[INFORMATION GIVEN — start]

(* Let $G$ be a compactly generated totally disconnected locally compact group and $N$ a closed normal subgroup of $G$. If there is a Cayley-Abels graph $\Gamma$ for $G$ such that $\deg(\Gamma/N)=\deg(\Gamma)$, then there exists a compact normal subgroup $L$ of $G$ acting trivially on $\Gamma$ such that $L$ is an open subgroup of $N$.
   Context: Graphs $\Gamma=(V,E,o,r)$ have directed edges with initial-vertex map $o$ and involutive reversal $e\mapsto\bar e$; $\deg(v)=|o^{-1}(v)|$, $\deg(\Gamma)=\sup_v\deg(v)$. For $N$ acting on $\Gamma$, $\Gamma/N$ is the quotient graph whose vertices and edges are the $N$-orbits of vertices and edges, with $o(Ne)=No(e)$, $\overline{Ne}=N\bar e$. A Cayley-Abels graph for a totally disconnected locally compact group $G$ is a connected graph of finite degree on which $G$ acts vertex-transitively by automorphisms with compact open vertex stabilizers. *)

theory Defs
  imports "HOL-Analysis.Analysis" "HOL-Algebra.Group_Action" "HOL-Algebra.Generated_Groups" "HOL-Library.Extended_Nat"
begin

definition topological_group :: "('g, 'b) monoid_scheme \<Rightarrow> 'g topology \<Rightarrow> bool" where
  "topological_group G T \<longleftrightarrow> group G \<and> topspace T = carrier G \<and>
     continuous_map (prod_topology T T) T (\<lambda>(x, y). x \<otimes>\<^bsub>G\<^esub> y) \<and>
     continuous_map T T (\<lambda>x. inv\<^bsub>G\<^esub> x)"

definition totally_disconnected_space :: "'a topology \<Rightarrow> bool" where
  "totally_disconnected_space T \<longleftrightarrow> (\<forall>S. connectedin T S \<longrightarrow> (\<exists>a. S \<subseteq> {a}))"

definition tdlc_group :: "('g, 'b) monoid_scheme \<Rightarrow> 'g topology \<Rightarrow> bool" where
  "tdlc_group G T \<longleftrightarrow> topological_group G T \<and> Hausdorff_space T \<and>
     locally_compact_space T \<and> totally_disconnected_space T"

definition compactly_generated :: "('g, 'b) monoid_scheme \<Rightarrow> 'g topology \<Rightarrow> bool" where
  "compactly_generated G T \<longleftrightarrow>
     (\<exists>K. K \<subseteq> carrier G \<and> compactin T K \<and> generate G K = carrier G)"

text \<open>A graph with vertex set V, edge set E, initial vertex map og, terminal vertex map r
  and involutive reversal rv with r e = og (rv e).\<close>
definition is_graph ::
  "'v set \<Rightarrow> 'e set \<Rightarrow> ('e \<Rightarrow> 'v) \<Rightarrow> ('e \<Rightarrow> 'v) \<Rightarrow> ('e \<Rightarrow> 'e) \<Rightarrow> bool" where
  "is_graph V E og r rv \<longleftrightarrow> (\<forall>e\<in>E. og e \<in> V \<and> rv e \<in> E \<and> rv (rv e) = e \<and> r e = og (rv e))"

inductive reachable ::
  "'e set \<Rightarrow> ('e \<Rightarrow> 'v) \<Rightarrow> ('e \<Rightarrow> 'v) \<Rightarrow> 'v \<Rightarrow> 'v \<Rightarrow> bool"
  for E og r where
  refl: "reachable E og r v v"
| step: "reachable E og r u v \<Longrightarrow> e \<in> E \<Longrightarrow> og e = v \<Longrightarrow> reachable E og r u (r e)"

definition graph_connected :: "'v set \<Rightarrow> 'e set \<Rightarrow> ('e \<Rightarrow> 'v) \<Rightarrow> ('e \<Rightarrow> 'v) \<Rightarrow> bool" where
  "graph_connected V E og r \<longleftrightarrow> (\<forall>u\<in>V. \<forall>v\<in>V. reachable E og r u v)"

definition vdeg :: "'e set \<Rightarrow> ('e \<Rightarrow> 'v) \<Rightarrow> 'v \<Rightarrow> enat" where
  "vdeg E og v = (if finite {e\<in>E. og e = v} then enat (card {e\<in>E. og e = v}) else \<infinity>)"

definition graph_deg :: "'v set \<Rightarrow> 'e set \<Rightarrow> ('e \<Rightarrow> 'v) \<Rightarrow> enat" where
  "graph_deg V E og = (SUP v\<in>V. vdeg E og v)"

definition acts_on_graph ::
  "('g, 'b) monoid_scheme \<Rightarrow> 'v set \<Rightarrow> 'e set \<Rightarrow> ('e \<Rightarrow> 'v) \<Rightarrow> ('e \<Rightarrow> 'e)
   \<Rightarrow> ('g \<Rightarrow> 'v \<Rightarrow> 'v) \<Rightarrow> ('g \<Rightarrow> 'e \<Rightarrow> 'e) \<Rightarrow> bool" where
  "acts_on_graph G V E og rv actV actE \<longleftrightarrow>
     group_action G V actV \<and> group_action G E actE \<and>
     (\<forall>g\<in>carrier G. \<forall>e\<in>E. og (actE g e) = actV g (og e) \<and> rv (actE g e) = actE g (rv e))"

definition cayley_abels_graph ::
  "('g, 'b) monoid_scheme \<Rightarrow> 'g topology \<Rightarrow> 'v set \<Rightarrow> 'e set \<Rightarrow> ('e \<Rightarrow> 'v) \<Rightarrow> ('e \<Rightarrow> 'v)
   \<Rightarrow> ('e \<Rightarrow> 'e) \<Rightarrow> ('g \<Rightarrow> 'v \<Rightarrow> 'v) \<Rightarrow> ('g \<Rightarrow> 'e \<Rightarrow> 'e) \<Rightarrow> bool" where
  "cayley_abels_graph G T V E og r rv actV actE \<longleftrightarrow>
     V \<noteq> {} \<and> is_graph V E og r rv \<and> graph_connected V E og r \<and> graph_deg V E og < \<infinity> \<and>
     acts_on_graph G V E og rv actV actE \<and>
     (\<forall>u\<in>V. \<forall>v\<in>V. \<exists>g\<in>carrier G. actV g u = v) \<and>
     (\<forall>v\<in>V. compactin T (stabilizer G actV v) \<and> openin T (stabilizer G actV v))"

definition sub_orbit :: "'g set \<Rightarrow> ('g \<Rightarrow> 'a \<Rightarrow> 'a) \<Rightarrow> 'a \<Rightarrow> 'a set" where
  "sub_orbit N act x = (\<lambda>n. act n x) ` N"

text \<open>Vertices / edges of Gamma/N are N-orbits; og(Ne) = N og(e), which is the image og ` (Ne).\<close>
definition quot_vertices :: "'g set \<Rightarrow> ('g \<Rightarrow> 'v \<Rightarrow> 'v) \<Rightarrow> 'v set \<Rightarrow> 'v set set" where
  "quot_vertices N actV V = sub_orbit N actV ` V"

definition quot_edges :: "'g set \<Rightarrow> ('g \<Rightarrow> 'e \<Rightarrow> 'e) \<Rightarrow> 'e set \<Rightarrow> 'e set set" where
  "quot_edges N actE E = sub_orbit N actE ` E"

[INFORMATION GIVEN — finish]

### EXERCISE GOAL:
Find "forall" in the preceding records. Copy each line that holds it.

### ANSWER TO THIS TASK:
  "totally_disconnected_space T \<longleftrightarrow> (\<forall>S. connectedin T S \<longrightarrow> (\<exists>a. S \<subseteq> {a}))"
  "is_graph V E og r rv \<longleftrightarrow> (\<forall>e\<in>E. og e \<in> V \<and> rv e \<in> E \<and> rv (rv e) = e \<and> r e = og (rv e))"
  "graph_connected V E og r \<longleftrightarrow> (\<forall>u\<in>V. \<forall>v\<in>V. reachable E og r u v)"
     (\<forall>g\<in>carrier G. \<forall>e\<in>E. og (actE g e) = actV g (og e) \<and> rv (actE g e) = actE g (rv e))"
     (\<forall>u\<in>V. \<forall>v\<in>V. \<exists>g\<in>carrier G. actV g u = v) \<and>
     (\<forall>v\<in>V. compactin T (stabilizer G actV v) \<and> openin T (stabilizer G actV v))"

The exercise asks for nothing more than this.